Но и это было давно и кануло в никуда, забылись горячие споры, и их осталось трое, потом двое — Серпинов как-то, и опять же незаметно, отдалился и хотя и был где-то рядом, но видели его только по телевизору. Однажды позвонил, предложил Евсею должность в своей партии, но тот отказался, уж больно легко запачкаться.
Дождь перестал. Дверь обшарпанного подъезда, как в детстве, грохала мощной пружиной. Привычные, вытертые ногами ступени сами вели на третий этаж. Заросшее паутиной окно на лестничной площадке казалось непрозрачным, каким и было. Лукин позвонил. Два коротких и, подождав, еще один, длинный. Ему долго не открывали, и уже начало казаться, что квартира пуста, — так бывает, по одинокому дребезжанию звонка об этом можно догадаться, — но вот где-то стукнуло, грохнуло, и за высокой дверью послышались шаркающие шаги. Одна из ее створок отворилась, Евсей замер на пороге. Поверх вытянутого на коленях тренировочного костюма на нем была старая армейская шинель с поднятым воротником.
— Холодно! — сказал он вместо приветствия. — Что стоишь, заходи!

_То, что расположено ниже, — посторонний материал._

(* Let $F$ be a field containing $\mathcal K$ and $w_1,\dots,w_N:\mathbb C\to F$ functions with $L(u)w_m(u)=0$ for all $1\le m\le N$ and $\xi(u)\ne0$ for all $u$. Then (i) for $1\le a\le N-1$ and $m\ge1$: $\xi^{(a)}_m(u)\xi^{(a)}_m(u+1)-\xi^{(a)}_{m+1}(u)\xi^{(a)}_{m-1}(u+1)-\xi^{(a+1)}_m(u)\xi^{(a-1)}_m(u+1)=0$; (ii) for $0\le a\le N$ and $m\ge0$: $\xi^{(a)}_m(u)=(-1)^{a-\frac N2+m}\,\xi^{(N-a)}_m\bigl(u+a-\frac N2\bigr)$.
   Context: Fix an integer $n\ge 2$ and put $N=2n+2$. Let $Q_a(u)$ ($1\le a\le n$, $u\in\mathbb C$) be algebraically independent commuting indeterminates, $\mathcal K$ the field of fractions of $\mathbb Z[Q_a(u)^{\pm1}]$. Put $d_a=1+\delta_{an}$, $Y_a(u)=Q_a(u-\frac{d_a}{2})/Q_a(u+\frac{d_a}{2})$ for $1\le a\le n$, $Y_0(u)=1$. For $1\le a\le n$ set $z_a(u)=\frac{Y_a(u+\frac a2)}{Y_{a-1}(u+\frac{a+1}2)}$, $z_{\bar a}(u)=\frac{Y_{a-1}(u+\frac{2n-a+3}2)}{Y_a(u+\frac{2n-a+4}2)}$; set $x_a(u)=z_a(u)$, $x_{2n+3-a}(u)=z_{\bar a}(u)$ for $1\le a\le n$, and $x_{n+1}(u)=-x_{n+2}(u)=\frac{Q_n(u+\frac n2)Q_n(u+\frac{n+4}2)}{Q_n(u+\frac{n+2}2)^2}$. $D$ is the shift operator ($D\,c(u)=c(u+1)D$), acting on $w:\mathbb C\to F$ by $(\sum_jc_jD^j)w(u)=\sum_jc_j(u)w(u+j)$. Define $L(u)=\prod_{i=1}^{N}(x_i(u+n+1-i)-D)$, factors ordered $i=1,\dots,N$ from left to right (a polynomial in $D$ with coefficients in $\mathcal K$). Casorati determinants: for integers $i_1,\dots,i_m$ ($m\le N$), $[i_1,\dots,i_m]$ is the function $u\mapsto\det(w_r(u+i_s))_{1\le r,s\le m}$. For $0\le a\le N$ and $m\ge0$ let $\xi^{(a)}_m(u)=[0,1,\dots,a-1,a+m,a+m+1,\dots,N+m-1]$ (an $N\times N$ Casorati determinant), and $\xi(u)=[0,1,\dots,N-1]$. *)

theory Defs
  imports Complex_Main "Jordan_Normal_Form.Determinant"
begin

(* Rank n of the algebra; N = 2n+2. Q a u are the indeterminates Q_a(u), valued in the field F. *)

definition dd :: "nat \<Rightarrow> nat \<Rightarrow> complex" where
  "dd n a = (if a = n then 2 else 1)"

definition Yf :: "nat \<Rightarrow> (nat \<Rightarrow> complex \<Rightarrow> 'F::field) \<Rightarrow> nat \<Rightarrow> complex \<Rightarrow> 'F" where
  "Yf n Q a u = (if a = 0 then 1 else Q a (u - dd n a / 2) / Q a (u + dd n a / 2))"

definition zf :: "nat \<Rightarrow> (nat \<Rightarrow> complex \<Rightarrow> 'F::field) \<Rightarrow> nat \<Rightarrow> complex \<Rightarrow> 'F" where
  "zf n Q a u = Yf n Q a (u + of_nat a / 2) / Yf n Q (a - 1) (u + (of_nat a + 1) / 2)"

definition zbarf :: "nat \<Rightarrow> (nat \<Rightarrow> complex \<Rightarrow> 'F::field) \<Rightarrow> nat \<Rightarrow> complex \<Rightarrow> 'F" where
  "zbarf n Q a u = Yf n Q (a - 1) (u + (2 * of_nat n - of_nat a + 3) / 2)
                   / Yf n Q a (u + (2 * of_nat n - of_nat a + 4) / 2)"

definition xmid :: "nat \<Rightarrow> (nat \<Rightarrow> complex \<Rightarrow> 'F::field) \<Rightarrow> complex \<Rightarrow> 'F" where
  "xmid n Q u = Q n (u + of_nat n / 2) * Q n (u + (of_nat n + 4) / 2) / (Q n (u + (of_nat n + 2) / 2))^2"

definition xf :: "nat \<Rightarrow> (nat \<Rightarrow> complex \<Rightarrow> 'F::field) \<Rightarrow> nat \<Rightarrow> complex \<Rightarrow> 'F" where
  "xf n Q i u =
     (if 1 \<le> i \<and> i \<le> n then zf n Q i u
      else if i = n + 1 then xmid n Q u
      else if i = n + 2 then - xmid n Q u
      else if n + 3 \<le> i \<and> i \<le> 2 * n + 2 then zbarf n Q (2 * n + 3 - i) u
      else 0)"

definition Lfactor :: "nat \<Rightarrow> (nat \<Rightarrow> complex \<Rightarrow> 'F::field) \<Rightarrow> nat \<Rightarrow> (complex \<Rightarrow> 'F) \<Rightarrow> complex \<Rightarrow> 'F" where
  "Lfactor n Q i g u = xf n Q i (u + of_nat n + 1 - of_nat i) * g u - g (u + 1)"

(* L(u) = prod_{i=1}^{N} (x_i(u+n+1-i) - D), factors left to right, acting on g *)
definition Lop :: "nat \<Rightarrow> (nat \<Rightarrow> complex \<Rightarrow> 'F::field) \<Rightarrow> (complex \<Rightarrow> 'F) \<Rightarrow> complex \<Rightarrow> 'F" where
  "Lop n Q g = foldr (Lfactor n Q) [1..<2 * n + 3] g"

(* Casorati determinant [idx 0, ..., idx (m-1)] of w_1, ..., w_m *)
definition casorati :: "(nat \<Rightarrow> complex \<Rightarrow> 'F::field) \<Rightarrow> nat \<Rightarrow> (nat \<Rightarrow> int) \<Rightarrow> complex \<Rightarrow> 'F" where
  "casorati w m idx u = det (mat m m (\<lambda>(r, s). w (r + 1) (u + of_int (idx s))))"

(* xi^(a)_m(u) = [0,...,a-1,a+m,...,N+m-1] *)
definition xi_am :: "(nat \<Rightarrow> complex \<Rightarrow> 'F::field) \<Rightarrow> nat \<Rightarrow> nat \<Rightarrow> nat \<Rightarrow> complex \<Rightarrow> 'F" where
  "xi_am w N a m u = casorati w N (\<lambda>s. if s < a then int s else int (s + m)) u"

definition xi0 :: "(nat \<Rightarrow> complex \<Rightarrow> 'F::field) \<Rightarrow> nat \<Rightarrow> complex \<Rightarrow> 'F" where
  "xi0 w N u = casorati w N (\<lambda>s. int s) u"

(* The elements Q a u (1 <= a <= n, u complex) of F are algebraically independent over Z,
   i.e. Z[Q_a(u)^{+-1}] (hence its fraction field K) embeds in F via Q_a(u) |-> Q a u. *)
definition alg_indep :: "nat \<Rightarrow> (nat \<Rightarrow> complex \<Rightarrow> 'F::field) \<Rightarrow> bool" where
  "alg_indep n Q \<longleftrightarrow>
    (\<forall>(S :: ((nat \<times> complex) \<Rightarrow> nat) set) (c :: ((nat \<times> complex) \<Rightarrow> nat) \<Rightarrow> int).
       finite S
       \<and> (\<forall>e\<in>S. finite {p. e p \<noteq> 0} \<and> (\<forall>p. e p \<noteq> 0 \<longrightarrow> fst p \<in> {1..n}))
       \<and> (\<Sum>e\<in>S. of_int (c e) * (\<Prod>p\<in>{p. e p \<noteq> 0}. Q (fst p) (snd p) ^ e p)) = 0
       \<longrightarrow> (\<forall>e\<in>S. c e = 0))"

end

theory Submission
  imports Defs
begin

(* Part (i) is a three-term Pluecker relation: the six Casorati determinants involved share the
   N - 2 columns 1, ..., a-1, a+m+1, ..., N+m-1 and differ only in two of the four columns
   0, a, a+m, N+m.

   For part (ii), bordering the Casorati matrix by unit rows and multiplying it by a unitriangular
   matrix built from the coefficients c_t(u) of L = sum_t c_t(u) D^t turns every shifted solution
   column into zero, so that xi^(a)_m(u) = +- xi(u) det (c_(a+i-k)(u+k))_(i,k<m).
   The factors x_a and x_(N+1-a) of L pair up so that, peeling them off from the outside in,
   the coefficients satisfy c_j(v) = - c_(N-j)(v + j - N/2); hence the determinant for a is
   (-1)^m times the transposed determinant for N - a at the shifted point, and c_0 = -1 gives
   xi(u+1) = - xi(u). *)

section \<open>Difference operators\<close>

(* diff_op [X_1, ..., X_k] g = (X_1 - D) ... (X_k - D) g for the shift D g(u) = g(u + 1), and
   diff_op_coeff Xs t u is the coefficient of D^t in this operator at u. *)
fun diff_op_coeff :: "('a::ring_1 \<Rightarrow> 'F::comm_ring_1) list \<Rightarrow> int \<Rightarrow> 'a \<Rightarrow> 'F" where
  "diff_op_coeff [] t u = (if t = 0 then 1 else 0)"
| "diff_op_coeff (X # Xs) t u = X u * diff_op_coeff Xs t u - diff_op_coeff Xs (t - 1) (u + 1)"

definition diff_op :: "('a::ring_1 \<Rightarrow> 'F::comm_ring_1) list \<Rightarrow> ('a \<Rightarrow> 'F) \<Rightarrow> 'a \<Rightarrow> 'F" where
  "diff_op Xs g = foldr (\<lambda>X h u. X u * h u - h (u + 1)) Xs g"

lemma diff_op_Cons: "diff_op (X # Xs) g u = X u * diff_op Xs g u - diff_op Xs g (u + 1)"
  by (simp add: diff_op_def)

lemma diff_op_coeff_eq_0: "t < 0 \<or> int (length Xs) < t \<Longrightarrow> diff_op_coeff Xs t u = 0"
  by (induction Xs arbitrary: t u) auto

lemma diff_op_coeff_length: "diff_op_coeff Xs (int (length Xs)) u = (-1) ^ length Xs"
  by (induction Xs arbitrary: u) (auto simp: diff_op_coeff_eq_0)

lemma diff_op_coeff_snoc:
  "diff_op_coeff (Xs @ [X]) t u = diff_op_coeff Xs t u * X (u + of_int t) - diff_op_coeff Xs (t - 1) u"
proof (induction Xs arbitrary: t u)
  case (Cons Y Xs)
  have "u + 1 + of_int (t - 1) = u + of_int t"
    by simp
  then show ?case
    by (simp only: Cons append_Cons diff_op_coeff.simps) (simp add: algebra_simps)
qed simp

lemma diff_op_coeff_wrap:
  "diff_op_coeff (X # K @ [X']) t u
     = X u * diff_op_coeff K t u * X' (u + of_int t) - X u * diff_op_coeff K (t - 1) u
       - diff_op_coeff K (t - 1) (u + 1) * X' (u + of_int t) + diff_op_coeff K (t - 2) (u + 1)"
  by (simp add: diff_op_coeff_snoc algebra_simps)

lemma diff_op_eq_sum:
  "diff_op Xs g u = (\<Sum>t\<le>length Xs. diff_op_coeff Xs (int t) u * g (u + of_nat t))"
proof (induction Xs arbitrary: u)
  case Nil
  then show ?case by (simp add: diff_op_def)
next
  case (Cons X Xs)
  have shifted: "diff_op Xs g (u + 1)
      = (\<Sum>t\<le>Suc (length Xs). diff_op_coeff Xs (int t - 1) (u + 1) * g (u + of_nat t))"
    by (subst sum.atMost_Suc_shift) (simp add: Cons diff_op_coeff_eq_0 algebra_simps)
  have "X u * diff_op Xs g u
      = (\<Sum>t\<le>Suc (length Xs). X u * diff_op_coeff Xs (int t) u * g (u + of_nat t))"
    by (simp add: Cons diff_op_coeff_eq_0 sum_distrib_left mult.assoc)
  then show ?case
    by (simp add: diff_op_Cons shifted sum_subtractf[symmetric] left_diff_distrib)
qed

section \<open>Column determinants and the Pluecker relation\<close>

definition coldet :: "(nat \<Rightarrow> 'a::comm_ring_1) list \<Rightarrow> 'a" where
  "coldet vs = det (mat (length vs) (length vs) (\<lambda>(i, j). (vs ! j) i))"

lemma coldet_swap: "coldet (xs @ y # z # zs) = - coldet (xs @ z # y # zs)"
proof -
  let ?n = "length (xs @ z # y # zs)" and ?k = "length xs"
  have "mat ?n ?n (\<lambda>(i, j). ((xs @ y # z # zs) ! j) i)
      = swapcols ?k (Suc ?k) (mat ?n ?n (\<lambda>(i, j). ((xs @ z # y # zs) ! j) i))"
    by (rule eq_matI) (auto simp: nth_append nth_Cons split: nat.split)
  then show ?thesis
    using det_swapcols[of ?k ?n "Suc ?k" "mat ?n ?n (\<lambda>(i, j). ((xs @ z # y # zs) ! j) i)"]
    by (simp add: coldet_def)
qed

lemma coldet_move: "coldet (xs @ ys @ z # zs) = (-1) ^ length ys * coldet (xs @ z # ys @ zs)"
proof (induction ys arbitrary: xs)
  case (Cons y ys)
  have "coldet (xs @ (y # ys) @ z # zs) = (-1) ^ length ys * coldet ((xs @ [y]) @ z # ys @ zs)"
    using Cons.IH[of "xs @ [y]"] by simp
  also have "coldet ((xs @ [y]) @ z # ys @ zs) = - coldet (xs @ z # y # ys @ zs)"
    using coldet_swap[of xs y z "ys @ zs"] by simp
  finally show ?case
    by simp
qed simp

lemma coldet_eq_0:
  assumes "i < j" and "j < length vs" and "vs ! i = vs ! j"
  shows "coldet vs = 0"
  unfolding coldet_def using assms
  by (intro det_identical_columns[of _ "length vs" i j]) auto

lemma coldet_linear_second: "\<exists>\<phi>. \<forall>y. coldet (x # y # zs) = (\<Sum>i<length zs + 2. y i * \<phi> i)"
proof -
  let ?n = "length zs + 2"
  let ?M = "\<lambda>y. mat ?n ?n (\<lambda>(i, j). ((x # y # zs) ! j) i)"
  have "coldet (x # y # zs) = (\<Sum>i<?n. y i * cofactor (?M (\<lambda>_. 0)) i 1)" for y
  proof -
    have len: "length (x # y # zs) = ?n"
      by simp
    have "coldet (x # y # zs) = (\<Sum>i<?n. ?M y $$ (i, 1) * cofactor (?M y) i 1)"
      unfolding coldet_def len by (intro laplace_expansion_column) auto
    moreover have "mat_delete (?M y) i 1 = mat_delete (?M (\<lambda>_. 0)) i 1" for i
      by (rule eq_matI) (auto simp: mat_delete_def nth_Cons split: nat.split)
    ultimately show ?thesis
      by (simp add: cofactor_def)
  qed
  then show ?thesis
    by (intro exI[where x = "\<lambda>i. cofactor (?M (\<lambda>_. 0)) i 1"]) simp
qed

Он не был пьян, но не все звуки ему так сразу удавались, а манера проглатывать окончания слов кого угодно могла ввести в заблуждение.
— Любовь нечаянно нагрянет, — пел он, провожая гостя в большую, холодную, как склеп, комнату, — когда ее совсем не ждешь… — Евсей усадил Лукина за стол, похлопал по плечу. — Не бойся, не нагрянет! Любка у матери. С утра взяла ребятишек и укатила. Посмотри на меня, Лука, я ведь не скотина? — Он повернулся, демонстрируя себя анфас и в профиль. — Почему же она говорит, что я скотина?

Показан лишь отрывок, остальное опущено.